(Beginning of Exercise input)

lemma computable_if:
  assumes "computable_pred n P" "computable n f" "computable n g"
  shows "computable n (\<lambda>xs. if P xs then f xs else g xs)"
proof -
  have "computable n (\<lambda>xs. (if P xs then 1 else 0) * f xs + (1 - (if P xs then 1 else 0)) * g xs)"
    using assms unfolding computable_pred_def by (intro computable_add computable_mult computable_diff computable_const)
  then show ?thesis
    by (elim computable_cong) simp
qed

lemma computable_table: "computable n f \<Longrightarrow> computable n (\<lambda>xs. if f xs < K then T (f xs) else 0)"
proof (induction K)
  case 0
  then show ?case by (simp add: computable_const)
next
  case (Suc K)
  have "computable n (\<lambda>xs. if f xs = K then T K else if f xs < K then T (f xs) else 0)"
    using Suc by (intro computable_if[OF computable_pred_eq] computable_const) auto
  then show ?case
    by (elim computable_cong) (auto simp: less_Suc_eq)
qed

definition tri_root :: "nat \<Rightarrow> nat" where
  "tri_root z = (LEAST s. z < triangle (Suc s))"

lemma less_triangle_Suc: "z < triangle (Suc z)"
proof -
  have "z \<le> triangle z"
    by (induction z) auto
  then show ?thesis
    by simp
qed

lemma tri_root_bounds: "triangle (tri_root z) \<le> z" "z < triangle (Suc (tri_root z))"
proof -
  show "z < triangle (Suc (tri_root z))"
    unfolding tri_root_def by (rule LeastI[of "\<lambda>s. z < triangle (Suc s)", OF less_triangle_Suc])
  show "triangle (tri_root z) \<le> z"
  proof (cases "tri_root z")
    case (Suc s)
    then have "\<not> z < triangle (Suc s)"
      unfolding tri_root_def using not_less_Least[of s] by (metis lessI)
    then show ?thesis using Suc by simp
  qed simp
qed

lemma prod_decode_tri_root:
  "prod_decode z = (z - triangle (tri_root z), tri_root z - (z - triangle (tri_root z)))"
proof -
  let ?s = "tri_root z"
  have "z - triangle ?s \<le> ?s"
    using tri_root_bounds[of z] by simp
  then have "prod_encode (z - triangle ?s, ?s - (z - triangle ?s)) = z"
    unfolding prod_encode_def using tri_root_bounds(1)[of z] by simp
  then show ?thesis
    by (metis prod_encode_inverse)
qed

lemma computable_tri_root: "computable n f \<Longrightarrow> computable n (\<lambda>xs. tri_root (f xs))"
proof -
  have "computable (Suc 1) (\<lambda>xs. Suc (xs ! 1) - triangle (Suc (xs ! 0)))"
    by (intro computable_diff computable_Suc computable_triangle computable_proj) auto
  then have "computable 1 (\<lambda>ys. LEAST y. Suc ((y # ys) ! 1) - triangle (Suc ((y # ys) ! 0)) = 0)"
    by (rule computable_LEAST) (use less_triangle_Suc in \<open>auto simp: Suc_le_eq simp del: triangle_Suc\<close>)
  then have "computable 1 (\<lambda>xs. tri_root (hd xs))"
    by (elim computable_cong) (auto simp: tri_root_def length_Suc_conv Suc_le_eq simp del: triangle_Suc)
  then show "computable n f \<Longrightarrow> computable n (\<lambda>xs. tri_root (f xs))"
    by (rule computable_unary)
qed

lemma computable_prod_encode:
  "computable n f \<Longrightarrow> computable n g \<Longrightarrow> computable n (\<lambda>xs. prod_encode (f xs, g xs))"
  unfolding prod_encode_def by (simp add: computable_add computable_triangle)

lemma computable_fst_prod_decode: "computable n f \<Longrightarrow> computable n (\<lambda>xs. fst (prod_decode (f xs)))"
  unfolding prod_decode_tri_root by (simp add: computable_diff computable_triangle computable_tri_root)

lemma computable_snd_prod_decode: "computable n f \<Longrightarrow> computable n (\<lambda>xs. snd (prod_decode (f xs)))"
  unfolding prod_decode_tri_root by (simp add: computable_diff computable_triangle computable_tri_root)

section \<open>Equality in a presented group\<close>

lemmas [trans] = pe_trans

lemma inv_letter_inv_letter [simp]: "inv_letter (inv_letter x) = x"
  by (simp add: inv_letter_def)

lemma pres_eq_cong: "pres_eq R u v \<Longrightarrow> pres_eq R (x @ u @ y) (x @ v @ y)"
proof (induction rule: pres_eq.induct)
  case (pe_cancel u a v)
  show ?case
    using pres_eq.pe_cancel[of R "x @ u" a "v @ y"] by simp
next
  case (pe_rel r u v)
  show ?case
    using pres_eq.pe_rel[OF pe_rel.hyps, of "x @ u" "v @ y"] by simp
next
  case (pe_trans u v w)
  from pe_trans.IH show ?case by (rule pres_eq.pe_trans)
qed (simp_all add: pe_refl pe_sym)

lemma pres_eq_prepend: "pres_eq R u v \<Longrightarrow> pres_eq R (x @ u) (x @ v)"
  using pres_eq_cong[of R u v x "[]"] by simp

lemma pres_eq_append: "pres_eq R u v \<Longrightarrow> pres_eq R (u @ y) (v @ y)"
  using pres_eq_cong[of R u v "[]" y] by simp

lemma pres_eq_inv_cancel: "pres_eq R (u @ [inv_letter x, x] @ v) (u @ v)"
  using pe_cancel[of R u "inv_letter x" v] by simp

definition gen_pow :: "nat \<Rightarrow> int \<Rightarrow> word" where
  "gen_pow g z = (if 0 \<le> z then replicate (nat z) (g, False) else replicate (nat (- z)) (g, True))"

lemma apow_eq_gen_pow: "apow = gen_pow 0"
  by (simp add: fun_eq_iff apow_def gen_pow_def)

lemma gen_pow_0 [simp]: "gen_pow g 0 = []"
  by (simp add: gen_pow_def)

lemma apow_0 [simp]: "apow 0 = []"
  by (simp add: apow_eq_gen_pow)

lemma fst_set_gen_pow: "x \<in> set (gen_pow g z) \<Longrightarrow> fst x = g"
  by (auto simp: gen_pow_def split: if_splits)

lemma gen_pow_snoc_gen: "pres_eq R (gen_pow g z @ [(g, False)]) (gen_pow g (z + 1))"
proof (cases "0 \<le> z")
  case True
  then have "nat (z + 1) = Suc (nat z)"
    by simp
  then show ?thesis
    using True by (simp add: gen_pow_def replicate_append_same pe_refl)
next
  case False
  then have "nat (- z) = Suc (nat (- (z + 1)))"
    by simp
  then have "gen_pow g z = gen_pow g (z + 1) @ [(g, True)]"
    using False by (simp add: gen_pow_def replicate_append_same)
  then show ?thesis
    using pe_cancel[of R "gen_pow g (z + 1)" "(g, True)" "[]"] by (simp add: inv_letter_def)
qed

lemma gen_pow_snoc_inv: "pres_eq R (gen_pow g z @ [(g, True)]) (gen_pow g (z - 1))"
proof (cases "0 < z")
  case False
  then have "nat (- (z - 1)) = Suc (nat (- z))"
    by simp
  then show ?thesis
    using False by (simp add: gen_pow_def replicate_append_same pe_refl)
next
  case True
  then have "nat z = Suc (nat (z - 1))"
    by simp
  then have "gen_pow g z = gen_pow g (z - 1) @ [(g, False)]"
    using True by (simp add: gen_pow_def replicate_append_same)
  then show ?thesis
    using pe_cancel[of R "gen_pow g (z - 1)" "(g, False)" "[]"] by (simp add: inv_letter_def)
qed

lemma gen_pow_snoc: "pres_eq R (gen_pow g z @ [(g, e)]) (gen_pow g (z + (if e then -1 else 1)))"
  using gen_pow_snoc_gen gen_pow_snoc_inv by (cases e) auto

lemma gen_pow_add: "pres_eq R (gen_pow g x @ gen_pow g y) (gen_pow g (x + y))"
proof (induction y rule: int_induct[where k = 0])
  case base
  then show ?case by (simp add: pe_refl)
next
  case (step1 y)
  have "pres_eq R (gen_pow g x @ gen_pow g (y + 1)) (gen_pow g x @ gen_pow g y @ [(g, False)])"
    by (rule pres_eq_prepend[OF pe_sym[OF gen_pow_snoc_gen]])
  also have "pres_eq R \<dots> (gen_pow g (x + y) @ [(g, False)])"
    using pres_eq_append[OF step1.IH] by simp
  also have "pres_eq R \<dots> (gen_pow g (x + (y + 1)))"
    using gen_pow_snoc_gen[of R g "x + y"] by (simp add: add.assoc)
  finally show ?case .
next
  case (step2 y)
  have "pres_eq R (gen_pow g x @ gen_pow g (y - 1)) (gen_pow g x @ gen_pow g y @ [(g, True)])"
    by (rule pres_eq_prepend[OF pe_sym[OF gen_pow_snoc_inv]])
  also have "pres_eq R \<dots> (gen_pow g (x + y) @ [(g, True)])"
    using pres_eq_append[OF step2.IH] by simp
  also have "pres_eq R \<dots> (gen_pow g (x + (y - 1)))"
    using gen_pow_snoc_inv[of R g "x + y"] by (simp add: add_diff_eq)
  finally show ?case .
qed

definition letters_commute :: "word set \<Rightarrow> letter \<Rightarrow> letter \<Rightarrow> bool" where
  "letters_commute R x y \<longleftrightarrow> pres_eq R [x, y] [y, x]"

lemma letters_commute_sym: "letters_commute R x y \<Longrightarrow> letters_commute R y x"
  unfolding letters_commute_def by (rule pe_sym)

lemma letters_commute_inv_letter: "letters_commute R x y \<Longrightarrow> letters_commute R (inv_letter x) y"
  unfolding letters_commute_def
proof -
  assume xy: "pres_eq R [x, y] [y, x]"
  have "pres_eq R [inv_letter x, y] ([inv_letter x] @ [y, x] @ [inv_letter x])"
    using pe_cancel[of R "[inv_letter x, y]" x "[]"] by (simp add: pe_sym)
  also have "pres_eq R \<dots> ([inv_letter x] @ [x, y] @ [inv_letter x])"
    using pres_eq_cong[OF pe_sym[OF xy]] by blast
  also have "pres_eq R \<dots> [y, inv_letter x]"
    using pres_eq_inv_cancel[of R "[]" x "[y, inv_letter x]"] by simp
  finally show "pres_eq R [inv_letter x, y] [y, inv_letter x]" .
qed

lemma letters_commute_any_signs:
  assumes "letters_commute R (g, False) (h, False)"
  shows "letters_commute R (g, e) (h, e')"
proof -
  have "letters_commute R (g, e) (h, False)" for e
    using assms letters_commute_inv_letter[OF assms] by (cases e) (simp_all add: inv_letter_def)
  then have "letters_commute R (h, False) (g, e)"
    by (rule letters_commute_sym)
  then have "letters_commute R (h, e') (g, e)"
    using letters_commute_inv_letter[of R "(h, False)"] by (cases e') (simp_all add: inv_letter_def)
  then show ?thesis
    by (rule letters_commute_sym)
qed

lemma letters_commute_words:
  assumes "\<forall>x\<in>set u. \<forall>y\<in>set w. letters_commute R x y"
  shows "pres_eq R (u @ w) (w @ u)"
proof -
  have letter_word: "pres_eq R (x # w) (w @ [x])" if "\<forall>y\<in>set w. letters_commute R x y" for x w
    using that
  proof (induction w)
    case (Cons y w)
    have "pres_eq R (x # y # w) ([y, x] @ w)"
      using pres_eq_append[of R "[x, y]" "[y, x]" w] Cons.prems by (simp add: letters_commute_def)
    also have "pres_eq R \<dots> ([y] @ w @ [x])"
      using pres_eq_prepend[OF Cons.IH, of "[y]"] Cons.prems by simp
    finally show ?case by simp
  qed (simp add: pe_refl)
  show ?thesis
    using assms
  proof (induction u)
    case (Cons x u)
    have "pres_eq R ([x] @ u @ w) ([x] @ w @ u)"
      using pres_eq_prepend[OF Cons.IH, of "[x]"] Cons.prems by simp
    also have "pres_eq R \<dots> (w @ [x] @ u)"
      using pres_eq_append[OF letter_word] Cons.prems by simp
    finally show ?case by simp
  qed (simp add: pe_refl)
qed

section \<open>Normal forms\<close>

type_synonym stack = "(int \<times> letter) list"
type_synonym state = "stack \<times> int \<times> int"

definition stack_word :: "stack \<Rightarrow> word" where
  "stack_word L = concat (map (\<lambda>(x, l). apow x @ [l]) (rev L))"

definition state_word :: "state \<Rightarrow> word" where
  "state_word N = (case N of (L, p, q) \<Rightarrow> stack_word L @ apow p @ gen_pow 1 q)"

fun reduced :: "stack \<Rightarrow> bool" where
  "reduced ((x, l) # (x', l') # L) \<longleftrightarrow> \<not> (l = inv_letter l' \<and> x = 0) \<and> reduced ((x', l') # L)"
| "reduced _ \<longleftrightarrow> True"

definition push_stable :: "stack \<Rightarrow> int \<Rightarrow> int \<Rightarrow> letter \<Rightarrow> stack \<times> int" where
  "push_stable L r d l = (case L of
       (x, l') # L' \<Rightarrow> if l' = inv_letter l \<and> r = 0 then (L', x + d) else ((r, l) # L, d)
     | [] \<Rightarrow> ([(r, l)], d))"

text \<open>Pushing \<open>b\<^sub>i\<close> past \<open>a\<^sup>p t\<^sup>q\<close> uses \<open>t\<^sup>q b\<^sub>i = b\<^sub>i a\<^bsup>n\<^sub>i q\<^esup> t\<^sup>q\<close>, pushing
  \<open>b\<^sub>i\<^sup>-\<^sup>1\<close> uses \<open>a\<^sup>p t\<^sup>q b\<^sub>i\<^sup>-\<^sup>1 = a\<^bsup>p - n\<^sub>i q\<^esup> b\<^sub>i\<^sup>-\<^sup>1 t\<^sup>q\<close>.\<close>

definition act_letter :: "(nat \<Rightarrow> int) \<Rightarrow> letter \<Rightarrow> state \<Rightarrow> state" where
  "act_letter n l N = (case N of (L, p, q) \<Rightarrow> case l of (g, e) \<Rightarrow>
     if g = 0 then (L, p + (if e then -1 else 1), q)
     else if g = 1 then (L, p, q + (if e then -1 else 1))
     else case push_stable L (if e then p - n (g - 1) * q else p) (if e then 0 else n (g - 1) * q) l of
            (L', p') \<Rightarrow> (L', p', q))"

(End of Exercise input)

Pull every line containing "dots" from the entries above and copy it.

  also have "pres_eq R \<dots> (gen_pow g (x + y) @ [(g, False)])"
  also have "pres_eq R \<dots> (gen_pow g (x + (y + 1)))"
  also have "pres_eq R \<dots> (gen_pow g (x + y) @ [(g, True)])"
  also have "pres_eq R \<dots> (gen_pow g (x + (y - 1)))"
  also have "pres_eq R \<dots> ([inv_letter x] @ [x, y] @ [inv_letter x])"
  also have "pres_eq R \<dots> [y, inv_letter x]"
    also have "pres_eq R \<dots> ([y] @ w @ [x])"
    also have "pres_eq R \<dots> (w @ [x] @ u)"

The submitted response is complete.